In a recent article, I introduced the fields of classical and behavioral economics and finance. Classical finance assumes people make financial decisions in computer-like fashion —rationally and unemotionally. Behavioral finance, which combines the study of economics and psychology, argues that these assumptions do not reflect real life.

In his work in the 1950s, Herbert Simon, a cognitive psychologist and Nobel Laureate in economics, identified three forces that limit people’s ability to make purely rational decisions:

1. Bounded rationality.

2. Bounded self-control.

3. Bounded self-interest.

In this article, we’ll see how they might apply to one of the most important personal-finance challenges that households face, achieving a secure retirement.

Bounded rationality and computational complexity

Even the smartest among us lack the time and brain power to consistently collect, analyze and act on all the relevant information needed to make intelligent choices on complicated issues. The retirement savings and spending problem is an excellent example of Simon’s “bounded rationality.”

Making smart decisions about retirement is hard. It requires determining how much to save and how to invest while working and assessing how much you can spend once you retire. It requires reasonable estimates of variables like lifetime earnings, investment returns, tax rates, health status, and longevity none of which can be known precisely.

Furthermore, solutions for the retirement saving and spending amounts involve calculations that are challenging even for those with financial expertise. For others with more limited knowledge, tackling these problems can be confusing and stressful, which can further impede sound decision-making. Unfortunately, rather than struggle through the details, most people resort to shortcuts that often result in hasty, ill-advised decisions.

Bounded self-control and making tough trade-offs

Financial practitioners recommend that people plan their spending so they can maintain their desired standard of living over their entire lifetime. For most of us, this means controlling spending during our working years so we can accumulate sufficient assets to fund a secure and comfortable retirement. We all recognize this as sensible advice, yet in general, Americans continue to under-save.
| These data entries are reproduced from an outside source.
(* Let $X$ be a reflexive complex Banach space, let $(\Omega,\mathcal{A},\mu)$ be a probability space, and let $\xi:\Omega\to X$ be weakly measurable, possessing a weak (Pettis) expectation with $\mathrm{E}\,\xi=\int_\Omega\xi\,d\mu=0$. Suppose that $D=\{f\in X^\ast:\int_\Omega|f(\xi)|^2\,d\mu<+\infty\}$ is dense in $X^\ast$, and define $t(f,g)=\mathrm{E}\big(f(\xi)\overline{g(\xi)}\big)=\int_\Omega f(\xi)\overline{g(\xi)}\,d\mu$ for $f,g\in D$. Then $t$ is a positive, closed, sesquilinear form on $D\times D$.
   Context: $X^\ast$ denotes the space of continuous conjugate-linear functionals on $X$. A positive sesquilinear form $t$ on a subspace $D$ of a normed space $Y$ (here $Y=X^\ast$) is called closed if whenever $f_n\in D$, $f_n\to f$ in $Y$ and $t(f_n-f_m,f_n-f_m)\to0$ as $n,m\to\infty$, then $f\in D$ and $t(f_n-f,f_n-f)\to0$. *)

theory Defs
  imports "HOL-Analysis.Analysis" "HOL-Probability.Probability"
begin

text \<open>A complex Banach space is modelled as a real Banach space type 'a together
  with a complex scalar multiplication sc extending the real one, compatible with the norm.\<close>
definition complex_scaling :: "(complex \<Rightarrow> 'a::real_normed_vector \<Rightarrow> 'a) \<Rightarrow> bool" where
  "complex_scaling sc \<longleftrightarrow>
     (\<forall>r x. sc (complex_of_real r) x = r *\<^sub>R x) \<and>
     (\<forall>a b x. sc (a * b) x = sc a (sc b x)) \<and>
     (\<forall>a b x. sc (a + b) x = sc a x + sc b x) \<and>
     (\<forall>a x y. sc a (x + y) = sc a x + sc a y) \<and>
     (\<forall>a x. norm (sc a x) = cmod a * norm x)"

definition conj_dual :: "(complex \<Rightarrow> 'a::real_normed_vector \<Rightarrow> 'a) \<Rightarrow> ('a \<Rightarrow> complex) set" where
  "conj_dual sc = {f. (\<forall>x y. f (x + y) = f x + f y) \<and>
                      (\<forall>c x. f (sc c x) = cnj c * f x) \<and>
                      (\<exists>K. \<forall>x. cmod (f x) \<le> K * norm x)}"

definition dual_norm :: "('a::real_normed_vector \<Rightarrow> complex) \<Rightarrow> real" where
  "dual_norm f = (SUP x\<in>{x. norm x \<le> 1}. cmod (f x))"

text \<open>Reflexivity: every continuous conjugate-linear functional on X^* is of the form
  f \<mapsto> conj (f x), i.e. the canonical embedding X \<rightarrow> X^** is surjective.\<close>
definition reflexive_space :: "(complex \<Rightarrow> 'a::real_normed_vector \<Rightarrow> 'a) \<Rightarrow> bool" where
  "reflexive_space sc \<longleftrightarrow>
     (\<forall>\<Phi> :: ('a \<Rightarrow> complex) \<Rightarrow> complex.
        (\<forall>f\<in>conj_dual sc. \<forall>g\<in>conj_dual sc. \<Phi> (\<lambda>x. f x + g x) = \<Phi> f + \<Phi> g) \<and>
        (\<forall>c. \<forall>f\<in>conj_dual sc. \<Phi> (\<lambda>x. c * f x) = cnj c * \<Phi> f) \<and>
        (\<exists>K. \<forall>f\<in>conj_dual sc. cmod (\<Phi> f) \<le> K * dual_norm f)
      \<longrightarrow> (\<exists>x. \<forall>f\<in>conj_dual sc. \<Phi> f = cnj (f x)))"

definition sesquilinear_on :: "('b \<Rightarrow> complex) set \<Rightarrow> (('b \<Rightarrow> complex) \<Rightarrow> ('b \<Rightarrow> complex) \<Rightarrow> complex) \<Rightarrow> bool" where
  "sesquilinear_on D t \<longleftrightarrow>
     (\<forall>a b. \<forall>f\<in>D. \<forall>g\<in>D. (\<lambda>x. a * f x + b * g x) \<in> D) \<and>
     (\<forall>a b. \<forall>f\<in>D. \<forall>g\<in>D. \<forall>h\<in>D. t (\<lambda>x. a * f x + b * g x) h = a * t f h + b * t g h) \<and>
     (\<forall>a b. \<forall>f\<in>D. \<forall>g\<in>D. \<forall>h\<in>D. t h (\<lambda>x. a * f x + b * g x) = cnj a * t h f + cnj b * t h g)"

definition positive_form :: "('b \<Rightarrow> complex) set \<Rightarrow> (('b \<Rightarrow> complex) \<Rightarrow> ('b \<Rightarrow> complex) \<Rightarrow> complex) \<Rightarrow> bool" where
  "positive_form D t \<longleftrightarrow> (\<forall>f\<in>D. Im (t f f) = 0 \<and> 0 \<le> Re (t f f))"

definition closed_form :: "(complex \<Rightarrow> 'a::real_normed_vector \<Rightarrow> 'a) \<Rightarrow> ('a \<Rightarrow> complex) set
      \<Rightarrow> (('a \<Rightarrow> complex) \<Rightarrow> ('a \<Rightarrow> complex) \<Rightarrow> complex) \<Rightarrow> bool" where
  "closed_form sc D t \<longleftrightarrow>
     (\<forall>F f. (\<forall>n. F n \<in> D) \<and> f \<in> conj_dual sc \<and>
            (\<lambda>n. dual_norm (\<lambda>x. F n x - f x)) \<longlonglongrightarrow> 0 \<and>
            (\<forall>e>0. \<exists>N. \<forall>n\<ge>N. \<forall>m\<ge>N. cmod (t (\<lambda>x. F n x - F m x) (\<lambda>x. F n x - F m x)) < e)
        \<longrightarrow> f \<in> D \<and> (\<lambda>n. t (\<lambda>x. F n x - f x) (\<lambda>x. F n x - f x)) \<longlonglongrightarrow> 0)"

end

theory Submission
  imports Defs
begin

text \<open>The form t is the inner product of L^2(\<mu>) pulled back along f \<mapsto> f \<circ> \<xi>, and D is the
  preimage of L^2(\<mu>), so positivity and sesquilinearity are inherited from L^2(\<mu>).
  For closedness, norm convergence f_n \<rightarrow> f in X^* gives pointwise convergence
  f_n(\<xi>(\<omega>)) \<rightarrow> f(\<xi>(\<omega>)), and by Fatou's lemma a sequence that is Cauchy in L^2 and
  converges pointwise converges in L^2 to its pointwise limit.\<close>

lemma borel_measurable_cnj [measurable]:
  "u \<in> borel_measurable M \<Longrightarrow> (\<lambda>x. cnj (u x)) \<in> borel_measurable M"
  by (rule borel_measurable_continuous_on[where f=cnj]) (auto intro: continuous_intros)

lemma square_integrable_iff_nn_integral_finite:
  fixes u :: "'w \<Rightarrow> complex"
  assumes "u \<in> borel_measurable M"
  shows "integrable M (\<lambda>\<omega>. (cmod (u \<omega>))\<^sup>2) \<longleftrightarrow> (\<integral>\<^sup>+\<omega>. ennreal ((cmod (u \<omega>))\<^sup>2) \<partial>M) < \<infinity>"
proof
  assume "integrable M (\<lambda>\<omega>. (cmod (u \<omega>))\<^sup>2)"
  then have "(\<integral>\<^sup>+\<omega>. ennreal ((cmod (u \<omega>))\<^sup>2) \<partial>M) = ennreal (\<integral>\<omega>. (cmod (u \<omega>))\<^sup>2 \<partial>M)"
    by (intro nn_integral_eq_integral) auto
  then show "(\<integral>\<^sup>+\<omega>. ennreal ((cmod (u \<omega>))\<^sup>2) \<partial>M) < \<infinity>" by simp
qed (intro integrableI_bounded, use assms in auto)

lemma integrable_mult_cnj:
  fixes u v :: "'w \<Rightarrow> complex"
  assumes [measurable]: "u \<in> borel_measurable M" "v \<in> borel_measurable M"
    and "integrable M (\<lambda>\<omega>. (cmod (u \<omega>))\<^sup>2)" "integrable M (\<lambda>\<omega>. (cmod (v \<omega>))\<^sup>2)"
  shows "integrable M (\<lambda>\<omega>. u \<omega> * cnj (v \<omega>))"
proof (rule Bochner_Integration.integrable_bound[of M "\<lambda>\<omega>. (cmod (u \<omega>))\<^sup>2 + (cmod (v \<omega>))\<^sup>2"])
  have "cmod (u \<omega>) * cmod (v \<omega>) \<le> (cmod (u \<omega>))\<^sup>2 + (cmod (v \<omega>))\<^sup>2" for \<omega>
    using sum_squares_bound[of "cmod (u \<omega>)" "cmod (v \<omega>)"] mult_nonneg_nonneg[OF norm_ge_zero norm_ge_zero, of "u \<omega>" "v \<omega>"]
    by linarith
  then show "AE \<omega> in M. norm (u \<omega> * cnj (v \<omega>)) \<le> norm ((cmod (u \<omega>))\<^sup>2 + (cmod (v \<omega>))\<^sup>2)"
    by (simp add: norm_mult)
qed (use assms in auto)

lemma square_integrable_lincomb:
  fixes u v :: "'w \<Rightarrow> complex"
  assumes [measurable]: "u \<in> borel_measurable M" "v \<in> borel_measurable M"
    and "integrable M (\<lambda>\<omega>. (cmod (u \<omega>))\<^sup>2)" "integrable M (\<lambda>\<omega>. (cmod (v \<omega>))\<^sup>2)"
  shows "integrable M (\<lambda>\<omega>. (cmod (a * u \<omega> + b * v \<omega>))\<^sup>2)"
proof (rule Bochner_Integration.integrable_bound[of M
     "\<lambda>\<omega>. 2 * (cmod a)\<^sup>2 * (cmod (u \<omega>))\<^sup>2 + 2 * (cmod b)\<^sup>2 * (cmod (v \<omega>))\<^sup>2"])
  have "(cmod (a * u \<omega> + b * v \<omega>))\<^sup>2 \<le> 2 * (cmod a)\<^sup>2 * (cmod (u \<omega>))\<^sup>2 + 2 * (cmod b)\<^sup>2 * (cmod (v \<omega>))\<^sup>2"
    for \<omega>
  proof -
    define p q where "p = cmod (a * u \<omega>)" and "q = cmod (b * v \<omega>)"
    have "cmod (a * u \<omega> + b * v \<omega>) \<le> p + q"
      unfolding p_def q_def by (rule norm_triangle_ineq)
    then have "(cmod (a * u \<omega> + b * v \<omega>))\<^sup>2 \<le> (p + q)\<^sup>2"
      by (intro power_mono) auto
    also have "\<dots> \<le> 2 * p\<^sup>2 + 2 * q\<^sup>2"
      using sum_squares_bound[of p q] by (simp add: power2_sum)
    finally show ?thesis
      unfolding p_def q_def by (simp add: norm_mult power_mult_distrib)
  qed
  then show "AE \<omega> in M. norm ((cmod (a * u \<omega> + b * v \<omega>))\<^sup>2) \<le>
      norm (2 * (cmod a)\<^sup>2 * (cmod (u \<omega>))\<^sup>2 + 2 * (cmod b)\<^sup>2 * (cmod (v \<omega>))\<^sup>2)"
    by simp
qed (use assms in auto)

lemma nn_integral_sq_dist_le_of_tendsto:
  fixes u :: "nat \<Rightarrow> 'w \<Rightarrow> complex"
  assumes [measurable]: "\<And>m. u m \<in> borel_measurable M" "w \<in> borel_measurable M"
    and lim: "\<And>\<omega>. (\<lambda>m. u m \<omega>) \<longlonglongrightarrow> v \<omega>"
    and bound: "eventually (\<lambda>m. (\<integral>\<^sup>+\<omega>. ennreal ((cmod (w \<omega> - u m \<omega>))\<^sup>2) \<partial>M) \<le> c) sequentially"
  shows "(\<integral>\<^sup>+\<omega>. ennreal ((cmod (w \<omega> - v \<omega>))\<^sup>2) \<partial>M) \<le> c"
proof -
  have "(\<integral>\<^sup>+\<omega>. ennreal ((cmod (w \<omega> - v \<omega>))\<^sup>2) \<partial>M) =
        (\<integral>\<^sup>+\<omega>. liminf (\<lambda>m. ennreal ((cmod (w \<omega> - u m \<omega>))\<^sup>2)) \<partial>M)"
  proof (rule nn_integral_cong)
    fix \<omega>
    have "(\<lambda>m. ennreal ((cmod (w \<omega> - u m \<omega>))\<^sup>2)) \<longlonglongrightarrow> ennreal ((cmod (w \<omega> - v \<omega>))\<^sup>2)"
      by (intro tendsto_ennrealI tendsto_intros lim)
    then show "ennreal ((cmod (w \<omega> - v \<omega>))\<^sup>2) = liminf (\<lambda>m. ennreal ((cmod (w \<omega> - u m \<omega>))\<^sup>2))"
      by (metis lim_imp_Liminf sequentially_bot)
  qed
  also have "\<dots> \<le> liminf (\<lambda>m. \<integral>\<^sup>+\<omega>. ennreal ((cmod (w \<omega> - u m \<omega>))\<^sup>2) \<partial>M)"
    by (rule nn_integral_liminf) measurable
  also have "\<dots> \<le> limsup (\<lambda>m. \<integral>\<^sup>+\<omega>. ennreal ((cmod (w \<omega> - u m \<omega>))\<^sup>2) \<partial>M)"
    by (rule Liminf_le_Limsup) simp
  also have "\<dots> \<le> c"
    by (rule Limsup_bounded[OF bound])
  finally show ?thesis .
qed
In other words, it’s not a lack of awareness or even a lack of desire but rather a lack of will power to make sacrifices today to get a payoff sometime in the future. This seems to be true even when the change requires small short-term sacrifices in exchange for a substantial long-term benefit. In many respects, saving for retirement involves behavior modification similar to that needed for dieting and exercise. It’s tough to change, and even if we do, we often lose our resolve to stick with it.

Bounded self-interest and generosity

According to traditional economic theory, individuals are concerned only about themselves and expected to act in a way that improves their own financial interests and not necessarily the welfare of others. In other words, self-interest is presumed to be the primary motive when making financial decisions.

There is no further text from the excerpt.